• _Requirement_
The lines you return should be those containing the string "simp", taken from the data below.

• _Records provided_
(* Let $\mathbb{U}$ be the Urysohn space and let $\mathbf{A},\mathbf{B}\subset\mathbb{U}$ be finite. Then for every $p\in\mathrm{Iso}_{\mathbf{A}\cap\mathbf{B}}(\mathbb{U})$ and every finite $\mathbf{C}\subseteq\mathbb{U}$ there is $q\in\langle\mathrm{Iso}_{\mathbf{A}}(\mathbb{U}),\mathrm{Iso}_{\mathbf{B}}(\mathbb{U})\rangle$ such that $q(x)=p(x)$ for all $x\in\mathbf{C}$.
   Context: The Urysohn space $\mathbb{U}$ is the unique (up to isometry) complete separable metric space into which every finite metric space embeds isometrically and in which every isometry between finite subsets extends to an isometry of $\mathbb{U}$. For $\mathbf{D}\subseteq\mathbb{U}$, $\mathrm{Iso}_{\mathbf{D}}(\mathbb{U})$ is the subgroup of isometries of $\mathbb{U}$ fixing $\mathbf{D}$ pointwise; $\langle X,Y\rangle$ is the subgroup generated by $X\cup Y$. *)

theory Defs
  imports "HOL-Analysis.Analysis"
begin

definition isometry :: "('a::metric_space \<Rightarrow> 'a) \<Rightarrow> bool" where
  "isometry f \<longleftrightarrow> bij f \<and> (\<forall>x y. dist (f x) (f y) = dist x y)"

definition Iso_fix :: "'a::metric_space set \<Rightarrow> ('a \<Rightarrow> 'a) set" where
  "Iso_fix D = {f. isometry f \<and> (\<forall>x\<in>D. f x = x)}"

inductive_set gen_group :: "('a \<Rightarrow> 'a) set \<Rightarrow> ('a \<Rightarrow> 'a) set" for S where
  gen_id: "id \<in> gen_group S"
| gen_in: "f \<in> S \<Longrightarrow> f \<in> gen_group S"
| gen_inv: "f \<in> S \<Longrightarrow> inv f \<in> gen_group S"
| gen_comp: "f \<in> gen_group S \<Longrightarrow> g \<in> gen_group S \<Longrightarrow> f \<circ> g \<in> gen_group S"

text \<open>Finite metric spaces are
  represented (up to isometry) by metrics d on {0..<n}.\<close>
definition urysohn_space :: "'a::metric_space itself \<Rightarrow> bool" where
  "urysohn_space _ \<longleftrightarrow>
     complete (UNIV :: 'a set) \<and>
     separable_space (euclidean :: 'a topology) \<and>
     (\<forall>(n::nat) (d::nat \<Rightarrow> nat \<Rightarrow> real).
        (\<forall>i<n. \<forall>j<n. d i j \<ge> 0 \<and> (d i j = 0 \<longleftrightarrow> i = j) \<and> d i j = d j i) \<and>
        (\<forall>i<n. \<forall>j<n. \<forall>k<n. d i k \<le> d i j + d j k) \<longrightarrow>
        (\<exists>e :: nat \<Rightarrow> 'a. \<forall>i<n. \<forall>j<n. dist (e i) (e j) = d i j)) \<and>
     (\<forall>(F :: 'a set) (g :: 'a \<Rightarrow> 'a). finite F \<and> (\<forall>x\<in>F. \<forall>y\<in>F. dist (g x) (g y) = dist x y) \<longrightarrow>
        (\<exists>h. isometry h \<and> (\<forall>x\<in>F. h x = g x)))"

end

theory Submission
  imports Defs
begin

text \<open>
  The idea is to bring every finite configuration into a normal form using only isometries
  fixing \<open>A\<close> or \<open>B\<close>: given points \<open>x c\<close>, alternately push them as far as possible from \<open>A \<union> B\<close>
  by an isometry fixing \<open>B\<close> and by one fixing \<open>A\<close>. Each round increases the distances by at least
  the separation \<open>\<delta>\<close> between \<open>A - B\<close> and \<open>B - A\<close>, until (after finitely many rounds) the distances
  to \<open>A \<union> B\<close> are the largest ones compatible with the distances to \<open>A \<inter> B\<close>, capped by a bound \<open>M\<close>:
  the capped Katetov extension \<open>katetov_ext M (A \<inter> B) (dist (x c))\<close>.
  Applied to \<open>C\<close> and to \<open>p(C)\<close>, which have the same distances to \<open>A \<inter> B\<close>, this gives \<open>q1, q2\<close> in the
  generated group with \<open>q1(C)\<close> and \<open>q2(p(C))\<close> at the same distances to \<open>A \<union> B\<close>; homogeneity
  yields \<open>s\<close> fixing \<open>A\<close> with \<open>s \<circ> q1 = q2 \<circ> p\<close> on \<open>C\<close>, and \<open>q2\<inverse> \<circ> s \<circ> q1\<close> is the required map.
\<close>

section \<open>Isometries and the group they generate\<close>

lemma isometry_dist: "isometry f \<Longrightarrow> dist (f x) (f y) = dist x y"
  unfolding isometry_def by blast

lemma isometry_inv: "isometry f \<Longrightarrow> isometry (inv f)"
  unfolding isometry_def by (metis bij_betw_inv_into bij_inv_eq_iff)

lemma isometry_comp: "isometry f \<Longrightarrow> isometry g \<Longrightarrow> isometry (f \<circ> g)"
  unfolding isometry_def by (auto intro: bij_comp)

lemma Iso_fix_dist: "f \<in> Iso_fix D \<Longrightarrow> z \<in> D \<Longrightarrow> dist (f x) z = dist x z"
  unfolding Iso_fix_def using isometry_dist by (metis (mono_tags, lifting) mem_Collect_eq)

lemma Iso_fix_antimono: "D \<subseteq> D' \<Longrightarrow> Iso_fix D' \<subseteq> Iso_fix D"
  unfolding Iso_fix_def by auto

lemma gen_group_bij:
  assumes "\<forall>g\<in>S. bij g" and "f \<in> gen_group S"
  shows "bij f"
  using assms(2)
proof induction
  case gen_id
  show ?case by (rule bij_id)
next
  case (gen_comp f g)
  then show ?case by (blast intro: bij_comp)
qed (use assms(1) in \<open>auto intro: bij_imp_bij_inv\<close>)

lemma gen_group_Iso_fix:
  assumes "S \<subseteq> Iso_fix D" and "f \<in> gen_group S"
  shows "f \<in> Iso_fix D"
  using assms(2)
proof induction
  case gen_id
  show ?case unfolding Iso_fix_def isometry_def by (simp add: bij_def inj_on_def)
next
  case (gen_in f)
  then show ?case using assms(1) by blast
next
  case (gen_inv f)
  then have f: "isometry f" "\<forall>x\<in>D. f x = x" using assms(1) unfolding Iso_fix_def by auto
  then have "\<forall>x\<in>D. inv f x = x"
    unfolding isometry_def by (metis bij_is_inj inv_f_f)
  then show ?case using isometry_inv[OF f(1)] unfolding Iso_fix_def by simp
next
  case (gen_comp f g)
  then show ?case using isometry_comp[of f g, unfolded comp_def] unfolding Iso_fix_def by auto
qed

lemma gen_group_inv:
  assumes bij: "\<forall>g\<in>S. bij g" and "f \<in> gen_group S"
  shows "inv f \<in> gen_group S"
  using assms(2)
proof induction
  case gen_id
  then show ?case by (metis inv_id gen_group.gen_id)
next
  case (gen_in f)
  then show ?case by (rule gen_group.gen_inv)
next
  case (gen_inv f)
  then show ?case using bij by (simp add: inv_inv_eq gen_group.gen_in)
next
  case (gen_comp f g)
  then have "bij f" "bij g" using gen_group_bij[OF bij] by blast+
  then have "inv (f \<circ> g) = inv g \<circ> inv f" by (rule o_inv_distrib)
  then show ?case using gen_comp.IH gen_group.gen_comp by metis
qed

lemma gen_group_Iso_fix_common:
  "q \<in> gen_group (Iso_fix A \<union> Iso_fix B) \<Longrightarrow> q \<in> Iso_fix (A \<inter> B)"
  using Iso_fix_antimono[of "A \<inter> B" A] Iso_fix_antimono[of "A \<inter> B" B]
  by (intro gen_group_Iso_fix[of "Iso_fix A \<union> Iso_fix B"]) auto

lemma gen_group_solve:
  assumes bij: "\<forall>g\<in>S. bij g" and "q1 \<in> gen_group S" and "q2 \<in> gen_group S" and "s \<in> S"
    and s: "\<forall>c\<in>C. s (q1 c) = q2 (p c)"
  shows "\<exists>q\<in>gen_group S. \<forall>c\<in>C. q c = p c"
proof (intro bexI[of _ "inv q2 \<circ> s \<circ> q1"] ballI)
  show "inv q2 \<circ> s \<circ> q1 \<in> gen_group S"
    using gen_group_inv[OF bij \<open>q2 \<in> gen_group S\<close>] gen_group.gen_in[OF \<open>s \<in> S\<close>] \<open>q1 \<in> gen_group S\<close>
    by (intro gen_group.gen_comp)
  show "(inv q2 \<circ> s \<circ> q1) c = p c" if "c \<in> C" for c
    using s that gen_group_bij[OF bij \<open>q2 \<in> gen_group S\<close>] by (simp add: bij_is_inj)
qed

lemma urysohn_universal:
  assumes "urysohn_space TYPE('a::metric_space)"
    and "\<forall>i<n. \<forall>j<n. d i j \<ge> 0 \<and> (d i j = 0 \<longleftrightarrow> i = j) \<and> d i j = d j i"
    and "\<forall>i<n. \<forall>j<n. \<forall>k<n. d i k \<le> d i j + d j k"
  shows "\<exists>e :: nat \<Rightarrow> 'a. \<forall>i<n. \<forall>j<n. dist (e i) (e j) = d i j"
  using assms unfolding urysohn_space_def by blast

• _Answer section_
  show ?case unfolding Iso_fix_def isometry_def by (simp add: bij_def inj_on_def)
  then show ?case using isometry_inv[OF f(1)] unfolding Iso_fix_def by simp
  then show ?case using bij by (simp add: inv_inv_eq gen_group.gen_in)
    using s that gen_group_bij[OF bij \<open>q2 \<in> gen_group S\<close>] by (simp add: bij_is_inj)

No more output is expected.